Title: Disomangcop v. Datumanong G.R. No. 149848


Date: November 25, 2004
Ponente: Tinga, J.
THE SECRETARY OF THE DEPARTMENT OF PUBLIC WORKS
AND HIGHWAYS SIMEON A. DATUMANONG and THE
ARSADI M. DISOMANGCOP and RAMIR M. DIMALOTANG,
SECRETARY OF BUDGET and MANAGEMENT EMILIA T.
petitioners
BONCODIN,
respondents
FACTS
 Challenged in the instant petition for certiorari, prohibition and mandamus with prayer for a temporary restraining
order and/or writ of preliminary injunction are the constitutionality and validity of Republic Act No. 8999 entitled “An
Act Establishing An Engineering District in the First District of the Province of Lanao del Sur and Appropriating Funds
Therefor,” and Department of Public Works and Highways (DPWH) Department Order No. 119 on the subject,
“Creation of Marawi Sub-District Engineering Office.”
 Pursuant to the constitutional mandate, Republic Act No. 6734 (R.A. 6734), entitled “An Act Providing for An Organic
Act for the Autonomous Region in Muslim Mindanao,” was enacted and signed into law on 1 August 1989. The law
called for the holding of a plebiscite in the provinces of Basilan, Cotabato, Davao del Sur, Lanao del Norte, Lanao del
Sur, Maguindanao, Palawan, South Cotabato, Sultan Kudarat, Sulu, Tawi-Tawi, Zamboanga del Norte, and Zamboanga
del Sur, and the cities of Cotabato, Dapitan, Dipolog, General Santos, Iligan, Marawi, Pagadian, Puerto Princesa and
Zamboanga. In the plebiscite, only four (4) provinces voted for the creation of an autonomous region, namely: Lanao
del Sur, Maguindanao, Sulu and Tawi-Tawi. These provinces became the Autonomous Region in Muslim Mindanao
(ARMM). The law contains elaborate provisions on the powers of the Regional Government and the areas of
jurisdiction which are reserved for the National Government. President Aquino issued E.O. 426, entitled “Placing the
Control and Supervision of the Offices of the DPWH within the ARMM under the Autonomous Regional Government,
and for other purposes.”
 Nearly nine (9) years later, then DPWH Secretary Gregorio R. Vigilar issued D.O. 119 (Creation of Marawi Sub-District
Engineering Office which shall have jurisdiction over all national infrastructure projects and facilities under the DPWH
within Marawi City and the province of Lanao del Sur.)
 Almost two years later, President Estrada approved and signed into law R.A. 8999 (establishing engineering district in
Lanao del Sur).
 Congress later passed R.A. 9054, entitled “An Act to Strengthen and Expand the Organic Act for the Autonomous
Region in Muslim Mindanao, Amending for the Purpose Republic Act No. 6734, entitled An Act Providing for the
Autonomous Region in Muslim Mindanao, as Amended.”

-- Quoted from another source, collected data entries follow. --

lemma rank_one_update_step:
  fixes A :: "real^'n^'n" and x v w :: "real^'n" and y :: real
  assumes "spd A"
  defines "D \<equiv> A + outer x" and "r \<equiv> x \<bullet> (matrix_inv A *v x)"
  shows "(y - x \<bullet> (matrix_inv D *v (A *v w)))^2 - y^2 * (r / (1 + r))
      + (v - matrix_inv D *v (A *v w + y *\<^sub>R x)) \<bullet> (D *v (v - matrix_inv D *v (A *v w + y *\<^sub>R x)))
    \<le> (v - w) \<bullet> (A *v (v - w)) + (x \<bullet> v - y)^2"
proof -
  have iA: "invertible A" using assms(1) spd_invertible by blast
  define a where "a = matrix_inv A *v x"
  have Aa: "A *v a = x" by (simp add: a_def matrix_inv_mult_vector[OF iA])
  have r: "r = x \<bullet> a" by (simp add: r_def a_def)
  have "0 \<le> r" unfolding r_def by (rule spd_form_nonneg[OF spd_matrix_inv[OF assms(1)]])
  define q where "q = 1 / (1 + r)"
  have qr: "q * r = 1 - q" and gain: "r / (1 + r) = 1 - q" and "0 \<le> q" "q \<le> 1"
    using \<open>0 \<le> r\<close> by (auto simp: q_def field_simps)
  have SM: "matrix_inv D *v z = matrix_inv A *v z - (q * (x \<bullet> (matrix_inv A *v z))) *\<^sub>R a" for z
    using sherman_morrison[OF assms(1), of x z] by (simp add: D_def a_def r q_def)
  define g where "g = x \<bullet> w"
  have "x \<bullet> (matrix_inv D *v (A *v w)) = g - g * (q * r)"
    by (simp add: SM matrix_inv_mult_vector[OF iA] inner_diff_right g_def r algebra_simps)
  then have pred: "x \<bullet> (matrix_inv D *v (A *v w)) = q * g"
    by (simp add: qr algebra_simps)
  define \<beta> where "\<beta> = q * (y - g)"
  have "matrix_inv D *v (A *v w + y *\<^sub>R x) = w + (y - q * g - y * (q * r)) *\<^sub>R a"
    by (simp add: SM matrix_vector_right_distrib matrix_vector_mult_scaleR matrix_inv_mult_vector[OF iA]
        inner_add_right g_def r a_def[symmetric] algebra_simps)
  also have "y - q * g - y * (q * r) = \<beta>" by (simp add: qr \<beta>_def algebra_simps)
  finally have upd: "matrix_inv D *v (A *v w + y *\<^sub>R x) = w + \<beta> *\<^sub>R a" .
  define h where "h = v - w"
  define s where "s = x \<bullet> h"
  have "a \<bullet> (A *v h) = s" using spd_symmetric[OF assms(1), of a h] Aa by (simp add: s_def)
  then have Q: "(h - \<beta> *\<^sub>R a) \<bullet> (D *v (h - \<beta> *\<^sub>R a))
      = h \<bullet> (A *v h) - 2 * \<beta> * s + \<beta>^2 * r + (s - \<beta> * r)^2"
    by (simp add: D_def matrix_vector_mult_add_rdistrib matrix_vector_mult_diff_distrib
        matrix_vector_mult_scaleR outer_mult_vector inner_diff_left inner_diff_right Aa r s_def
        inner_commute[of h x] inner_commute[of a x] power2_eq_square algebra_simps)
  have "\<beta> * r = (y - g) * (q * r)" "\<beta>^2 * r = \<beta> * (\<beta> * r)"
    by (simp_all add: \<beta>_def power2_eq_square mult_ac)
  then have \<beta>r: "\<beta> * r = (1 - q) * (y - g)" and \<beta>2r: "\<beta>^2 * r = q * (1 - q) * (y - g)^2"
    by (simp_all add: qr \<beta>_def power2_eq_square mult_ac)
  have "(x \<bullet> v - y)^2 = (s + g - y)^2" by (simp add: s_def h_def g_def inner_diff_right)
  then have "(y - q * g)^2 - y^2 * (1 - q) + (h \<bullet> (A *v h) - 2 * \<beta> * s + \<beta>^2 * r + (s - \<beta> * r)^2)
      \<le> h \<bullet> (A *v h) + (x \<bullet> v - y)^2"
    using rank_one_update_step_scalar[OF \<open>0 \<le> q\<close> \<open>q \<le> 1\<close>, of y g s]
    unfolding \<beta>r \<beta>2r unfolding \<beta>_def by linarith
  moreover have "v - (w + \<beta> *\<^sub>R a) = h - \<beta> *\<^sub>R a" by (simp add: h_def)
  then have "(v - matrix_inv D *v (A *v w + y *\<^sub>R x)) \<bullet> (D *v (v - matrix_inv D *v (A *v w + y *\<^sub>R x)))
      = h \<bullet> (A *v h) - 2 * \<beta> * s + \<beta>^2 * r + (s - \<beta> * r)^2"
    unfolding upd by (simp only: Q)
  ultimately show ?thesis unfolding pred gain h_def[symmetric] by linarith
qed

section \<open>The LASER recursion\<close>

locale laser =
  fixes b c :: real and x :: "nat \<Rightarrow> real^'n" and y :: "nat \<Rightarrow> real"
  assumes b_pos: "0 < b" and b_less_c: "b < c"
begin

abbreviation D :: "nat \<Rightarrow> real^'n^'n" where "D \<equiv> laser_D b c x"

definition A :: "nat \<Rightarrow> real^'n^'n" where "A t = parallel_sum_id (D t) c"

text \<open>In terms of \<open>W\<close>, round \<open>t + 1\<close> is a Vovk-Azoury-Warmuth step started from the
  estimate \<open>W t\<close> with regulariser \<open>A t\<close>.\<close>

definition W :: "nat \<Rightarrow> real^'n" where "W t = matrix_inv (D t) *v laser_e b c x y t"

definition leverage :: "nat \<Rightarrow> real" where
  "leverage t = x (Suc t) \<bullet> (matrix_inv (A t) *v x (Suc t))"

lemma c_pos: "0 < c"
  using b_pos b_less_c by simp

lemma D_Suc: "D (Suc t) = A t + outer (x (Suc t))"
  by (simp add: A_def parallel_sum_id_def)

declare laser_D.simps(2) [simp del]

lemma spd_D: "spd (D t)"
proof (induction t)
  case 0
  then show ?case using b_pos b_less_c by (simp add: spd_scaled_id)
next
  case (Suc t)
  then show ?case unfolding D_Suc A_def by (intro spd_add_outer spd_parallel_sum_id c_pos)
qed

lemma spd_A: "spd (A t)"
  by (simp add: A_def spd_parallel_sum_id spd_D c_pos)

text \<open>\<open>D 0\<close> is chosen so that the first round starts from the ridge regulariser \<open>b I\<close>.\<close>

lemma A_0: "A 0 = b *\<^sub>R mat 1"
proof -
  have "b * c / (c - b) * c / (b * c / (c - b) + c) = b"
    using b_pos b_less_c by (simp add: field_simps)
  then show ?thesis
    using b_pos b_less_c by (simp add: A_def parallel_sum_id_scaled_id)
qed

lemma laser_e_Suc: "laser_e b c x y (Suc t) = A t *v W t + y (Suc t) *\<^sub>R x (Suc t)"
  by (simp add: matrix_inv_id_add_scaled spd_D c_pos A_def W_def matrix_vector_mul_assoc)

lemma laser_pred_Suc:
  "laser_pred b c x y (Suc t) = x (Suc t) \<bullet> (matrix_inv (D (Suc t)) *v (A t *v W t))"
  unfolding laser_pred_def
  by (simp add: matrix_inv_id_add_scaled spd_D c_pos A_def W_def matrix_vector_mul_assoc)

lemma W_Suc: "W (Suc t) = matrix_inv (D (Suc t)) *v (A t *v W t + y (Suc t) *\<^sub>R x (Suc t))"
  by (simp only: W_def[of "Suc t"] laser_e_Suc)

lemma leverage_nonneg: "0 \<le> leverage t"
  unfolding leverage_def by (rule spd_form_nonneg[OF spd_matrix_inv[OF spd_A]])

lemma regret_step:
  "(y (Suc t) - laser_pred b c x y (Suc t))^2 - (y (Suc t))^2 * (leverage t / (1 + leverage t))
      + (v - W (Suc t)) \<bullet> (D (Suc t) *v (v - W (Suc t)))
    \<le> (v - W t) \<bullet> (A t *v (v - W t)) + (x (Suc t) \<bullet> v - y (Suc t))^2"
  using rank_one_update_step[OF spd_A, where x = "x (Suc t)" and y = "y (Suc t)" and w = "W t" and v = v]
  by (simp only: laser_pred_Suc W_Suc D_Suc leverage_def)

lemma regret_telescope:
  "(\<Sum>t=1..Suc k. (y t - laser_pred b c x y t)^2) + (u (Suc k) - W (Suc k)) \<bullet> (D (Suc k) *v (u (Suc k) - W (Suc k)))
    \<le> b * (norm (u 1))^2 + (\<Sum>t=1..Suc k. (x t \<bullet> u t - y t)^2)
      + c * (\<Sum>t=1..k. (norm (u t - u (Suc t)))^2)
      + (\<Sum>t=1..Suc k. (y t)^2 * (leverage (t - 1) / (1 + leverage (t - 1))))"
proof (induction k)
  case 0
  have "W 0 = 0" by (simp add: W_def)
  then show ?case
    using regret_step[of 0 "u 1"] by (simp add: A_0 scaled_id_form)
next
  case (Suc k)
  have "(u (Suc (Suc k)) - W (Suc k)) \<bullet> (A (Suc k) *v (u (Suc (Suc k)) - W (Suc k)))
      \<le> (u (Suc k) - W (Suc k)) \<bullet> (D (Suc k) *v (u (Suc k) - W (Suc k)))
        + c * (norm (u (Suc k) - u (Suc (Suc k))))^2"
    using parallel_sum_id_form_le[OF spd_D c_pos, of "u (Suc (Suc k)) - W (Suc k)" "Suc k"
        "u (Suc k) - W (Suc k)"]
    by (simp add: A_def)
  then show ?case
    using Suc.IH regret_step[of "Suc k" "u (Suc (Suc k))"] by (simp add: algebra_simps)
qed

lemma gain_le_log_det: "leverage t / (1 + leverage t) \<le> ln (det (D (Suc t))) - ln (det (A t))"
proof -
  have "det (D (Suc t)) = det (A t) * (1 + leverage t)"
    using det_add_outer[OF spd_invertible[OF spd_A[of t]], where s = 1 and x = "x (Suc t)"]
    unfolding D_Suc leverage_def by simp
  then have "ln (det (D (Suc t))) = ln (det (A t)) + ln (1 + leverage t)"
    using spd_det_pos[OF spd_A[of t]] leverage_nonneg[of t] by (simp add: ln_mult add_pos_nonneg)
  then show ?thesis using ln_add1_ge[OF leverage_nonneg, of t] by (simp add: add.commute)
qed

lemma log_det_scaled_D: "ln (det ((1 / b) *\<^sub>R D t)) = ln (det (D t)) - CARD('n) * ln b"
  using spd_det_pos[OF spd_D[of t]] b_pos by (simp add: det_scaleR ln_mult ln_realpow ln_div)

context
  fixes T :: nat and X M :: real
  assumes x_bound: "\<And>t. 1 \<le> t \<Longrightarrow> t \<le> T \<Longrightarrow> (norm (x t))^2 \<le> X^2"
    and M: "b + X^2 \<le> M" "M * c / (M + c) + X^2 \<le> M"
begin

lemma M_pos: "0 < M"
  using M(1) b_pos zero_le_power2[of X] by linarith

lemma D_form_le:
  shows "1 \<le> t \<Longrightarrow> t \<le> T \<Longrightarrow> v \<bullet> (D t *v v) \<le> M * (norm v)^2"
proof (induction t arbitrary: v)
  case 0
  then show ?case by simp
next
  case (Suc t)
  obtain K where A_le: "\<And>v. v \<bullet> (A t *v v) \<le> K * (norm v)^2" and "K + X^2 \<le> M"
  proof (cases "t = 0")
    case True
    then show ?thesis using that[of b] M(1) by (simp add: A_0 scaled_id_form)
  next
    case False
    have "v \<bullet> (A t *v v) \<le> M * c / (M + c) * (norm v)^2" for v
      using Suc False M_pos unfolding A_def by (intro parallel_sum_id_form_le_scaled spd_D c_pos) auto
    then show ?thesis using that M(2) by blast
  qed
  have "(x (Suc t) \<bullet> v)^2 \<le> X^2 * (norm v)^2"
  proof -
    have "(x (Suc t) \<bullet> v)^2 \<le> (norm (x (Suc t)) * norm v)^2"
      using Cauchy_Schwarz_ineq2 by (metis abs_ge_zero power2_abs power_mono)
    also have "\<dots> \<le> X^2 * (norm v)^2"
      using x_bound[of "Suc t"] Suc.prems by (simp add: power_mult_distrib mult_right_mono)
    finally show ?thesis .
  qed
  then have "v \<bullet> (D (Suc t) *v v) \<le> (K + X^2) * (norm v)^2"
    using A_le[of v] unfolding D_Suc
    by (simp add: matrix_vector_mult_add_rdistrib inner_add_right outer_form distrib_right)
  also have "\<dots> \<le> M * (norm v)^2" using \<open>K + X^2 \<le> M\<close> by (simp add: mult_right_mono)
  finally show ?case .
qed

lemma log_det_A_ge:
  assumes t: "1 \<le> t" "t \<le> T"
  shows "ln (det (D t)) - CARD('n) * (M / c) \<le> ln (det (A t))"
proof -
  have "0 < 1 + M / c" using M_pos c_pos by (simp add: add_pos_pos)
  then have pos: "0 < (1 + M / c) ^ CARD('n)" by simp
  have "det (D t) / (1 + M / c) ^ CARD('n) \<le> det (A t)"
    unfolding A_def using D_form_le[OF t] M_pos
    by (intro det_parallel_sum_id_ge spd_D c_pos) auto
  moreover have "0 < det (D t) / (1 + M / c) ^ CARD('n)"
    using spd_det_pos[OF spd_D[of t]] pos by simp
  ultimately have "ln (det (D t) / (1 + M / c) ^ CARD('n)) \<le> ln (det (A t))"
    by (rule ln_mono)
  moreover have "ln (det (D t) / (1 + M / c) ^ CARD('n)) = ln (det (D t)) - CARD('n) * ln (1 + M / c)"
    using spd_det_pos[OF spd_D[of t]] pos \<open>0 < 1 + M / c\<close> by (simp add: ln_div ln_realpow)
  ultimately have "ln (det (D t)) - CARD('n) * ln (1 + M / c) \<le> ln (det (A t))" by simp
  moreover have "ln (1 + M / c) \<le> M / c"
    using M_pos c_pos by (intro ln_add_one_self_le_self) simp
  ultimately show ?thesis by (smt (verit) mult_left_mono of_nat_0_le_iff)
qed

lemma sum_gain_le_log_det:
  shows "Suc k \<le> T \<Longrightarrow> (\<Sum>t=1..Suc k. leverage (t - 1) / (1 + leverage (t - 1)))
    \<le> ln (det ((1 / b) *\<^sub>R D (Suc k))) + k * (CARD('n) * (M / c))"
proof (induction k)
  case 0
  have "ln (det (A 0)) = CARD('n) * ln b"
    using b_pos by (simp add: A_0 det_scaleR ln_realpow)
  then show ?case using gain_le_log_det[of 0] by (simp add: log_det_scaled_D)
next
  case (Suc k)
  have "ln (det (D (Suc k))) - CARD('n) * (M / c) \<le> ln (det (A (Suc k)))"
    using log_det_A_ge[of "Suc k"] Suc.prems by simp
  moreover have "real (Suc k) * (CARD('n) * (M / c)) = k * (CARD('n) * (M / c)) + CARD('n) * (M / c)"
    by (simp add: algebra_simps add_divide_distrib)
  moreover have "(\<Sum>t=1..Suc (Suc k). leverage (t - 1) / (1 + leverage (t - 1)))
      = (\<Sum>t=1..Suc k. leverage (t - 1) / (1 + leverage (t - 1))) + leverage (Suc k) / (1 + leverage (Suc k))"
    by simp
  ultimately show ?case
    using Suc gain_le_log_det[of "Suc k"] log_det_scaled_D[of "Suc k"] log_det_scaled_D[of "Suc (Suc k)"]
    by linarith
qed

end

lemma trace_D_0: "trace (D 0) = b * c / (c - b) * CARD('n)"
  by (simp add: trace_def mat_def)

theorem regret_bound:
  assumes "1 \<le> T"
    and x_bound: "\<And>t. 1 \<le> t \<Longrightarrow> t \<le> T \<Longrightarrow> (norm (x t))^2 \<le> X^2"
    and y_bound: "\<And>t. 1 \<le> t \<Longrightarrow> t \<le> T \<Longrightarrow> \<bar>y t\<bar> \<le> Y"
    and M: "b + X^2 \<le> M" "M * c / (M + c) + X^2 \<le> M"
  shows "laser_loss b c x y T \<le> b * (norm (u 1))^2 + comp_loss u x y T
      + Y^2 * ln (det ((1 / b) *\<^sub>R D T)) + (1 / c) * Y^2 * trace (D 0)
      + c * variation u T + (1 / c) * Y^2 * real T * real CARD('n) * M"
proof -
  obtain k where T: "T = Suc k" using assms(1) by (cases T) auto
  define gain where "gain t = leverage (t - 1) / (1 + leverage (t - 1))" for t
  have "0 \<le> M" using M(1) b_pos zero_le_power2[of X] by linarith
  then have "0 \<le> Y^2 * (CARD('n) * (M / c))" using c_pos by simp
  have "0 \<le> (1 / c) * Y^2 * trace (D 0)"
    unfolding trace_D_0 using b_pos b_less_c by simp
  have "0 \<le> (u T - W T) \<bullet> (D T *v (u T - W T))" by (rule spd_form_nonneg[OF spd_D])
  then have "laser_loss b c x y T
      \<le> b * (norm (u 1))^2 + comp_loss u x y T + c * variation u T + (\<Sum>t=1..T. (y t)^2 * gain t)"
    using regret_telescope[of k u]
    by (simp add: laser_loss_def comp_loss_def variation_def gain_def T)
  also have "(\<Sum>t=1..T. (y t)^2 * gain t) \<le> (\<Sum>t=1..T. Y^2 * gain t)"
  proof (rule sum_mono)
    fix t assume "t \<in> {1..T}"
    then have "\<bar>y t\<bar>^2 \<le> Y^2" using y_bound[of t] by (intro power_mono) auto
    then have "(y t)^2 \<le> Y^2" by simp
    then show "(y t)^2 * gain t \<le> Y^2 * gain t"
      by (rule mult_right_mono) (simp add: gain_def leverage_nonneg)
  qed
  also have "\<dots> = Y^2 * (\<Sum>t=1..T. gain t)" by (simp add: sum_distrib_left)
  also have "\<dots> \<le> Y^2 * (ln (det ((1 / b) *\<^sub>R D T)) + (real T - 1) * (CARD('n) * (M / c)))"
    using sum_gain_le_log_det[OF x_bound M, where k = k] by (intro mult_left_mono) (simp_all add: T gain_def)
  also have "\<dots> = Y^2 * ln (det ((1 / b) *\<^sub>R D T)) + (1 / c) * Y^2 * real T * real CARD('n) * M
      - Y^2 * (CARD('n) * (M / c))"
    by (simp add: algebra_simps add_divide_distrib diff_divide_distrib)
  also have "\<dots> \<le> Y^2 * ln (det ((1 / b) *\<^sub>R D T)) + (1 / c) * Y^2 * real T * real CARD('n) * M"
    using \<open>0 \<le> Y^2 * (CARD('n) * (M / c))\<close> by linarith
  finally show ?thesis using \<open>0 \<le> (1 / c) * Y^2 * trace (D 0)\<close> by simp
qed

 On 23 July 2001, petitioners addressed a petition to DPWH Secretary Simeon Datumanong, seeking the revocation of
D.O. 119 and the non-implementation of R.A. 8999. No action, however, was taken on the petition.
 Petitioners allege that D.O. 119 was issued with grave abuse of discretion and that it violates the constitutional
autonomy of the ARMM. They point out that the challenged Department Order has tasked the Marawi Sub-District
Engineering Office with functions that have already been devolved to the DPWH-ARMM First Engineering District in
Lanao del Sur.
 Petitioners also contend that R.A. 8999 is a piece of legislation that was not intelligently and thoroughly studied, and
that the explanatory note to House Bill No. 995 (H.B. 995) from which the law originated is questionable. Petitioners
assert as well that prior to the sponsorship of the law, no public hearing nor consultation with the DPWH-ARMM was
made. The House Committee on Public Works and Highways (Committee) failed to invite a single official from the
affected agency. Finally, petitioners argue that the law was skillfully timed for signature by former President Joseph E.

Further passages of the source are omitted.